§ **WHAT THIS TASK INVOLVES**
When the string "mpoly" occurs in a line of the records, show that line.

EXERCISE INPUTS Start Marker

(* Let $P\in\mathbb C[x_1,\dots,x_4,y_1,\dots,y_6]$ not depend on $y_3$, write $P=\sum_{i\ge0}y_1^iP_i$ with each $P_i$ independent of $y_1$, and suppose $\mathbf DP=\mathbf D_1P=\mathbf D_2P=\mathbf D_3P=\mathbf D_4P=0$, where $\mathbf D=\partial_{y_4}\partial_{y_3}-\partial_{y_5}\partial_{y_2}+\partial_{y_6}\partial_{y_1}$, $\mathbf D_1=\partial_{y_6}\partial_{x_4}-\partial_{y_2}\partial_{x_3}+\partial_{y_3}\partial_{x_2}$, $\mathbf D_2=\partial_{y_5}\partial_{x_4}-\partial_{y_1}\partial_{x_3}+\partial_{y_3}\partial_{x_1}$, $\mathbf D_3=\partial_{y_4}\partial_{x_4}-\partial_{y_1}\partial_{x_2}+\partial_{y_2}\partial_{x_1}$, $\mathbf D_4=\partial_{y_4}\partial_{x_3}-\partial_{y_5}\partial_{x_2}+\partial_{y_6}\partial_{x_1}$. Then there exists $K\in\mathbb C[x_1,\dots,x_4,y_1,\dots,y_6]$ depending neither on $y_1$ nor on $y_3$ such that $\mathbf DK=-\partial_{y_6}P_0$, $\mathbf D_1K=0$, $\mathbf D_2K=\partial_{x_3}P_0$, $\mathbf D_3K=\partial_{x_2}P_0$ and $\mathbf D_4K=0$. *)

theory Defs
  imports Complex_Main "HOL-Library.Poly_Mapping"
begin

datatype var = X1 | X2 | X3 | X4 | Y1 | Y2 | Y3 | Y4 | Y5 | Y6

type_synonym mpoly = "(var \<Rightarrow> nat) \<Rightarrow>\<^sub>0 complex"

definition indep :: "var \<Rightarrow> mpoly \<Rightarrow> bool" where
  "indep v P \<longleftrightarrow> (\<forall>m \<in> Poly_Mapping.keys P. m v = 0)"

definition pd :: "var \<Rightarrow> mpoly \<Rightarrow> mpoly" where
  "pd v P = (\<Sum>m\<in>Poly_Mapping.keys P. Poly_Mapping.single (m(v := m v - 1)) (of_nat (m v) * Poly_Mapping.lookup P m))"

definition y1coeff :: "nat \<Rightarrow> mpoly \<Rightarrow> mpoly" where
  "y1coeff i P = (\<Sum>m\<in>{m \<in> Poly_Mapping.keys P. m Y1 = i}. Poly_Mapping.single (m(Y1 := 0)) (Poly_Mapping.lookup P m))"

EXERCISE INPUTS End Marker

§ **FINAL ANSWER**
type_synonym mpoly = "(var \<Rightarrow> nat) \<Rightarrow>\<^sub>0 complex"
definition indep :: "var \<Rightarrow> mpoly \<Rightarrow> bool" where
definition pd :: "var \<Rightarrow> mpoly \<Rightarrow> mpoly" where
definition y1coeff :: "nat \<Rightarrow> mpoly \<Rightarrow> mpoly" where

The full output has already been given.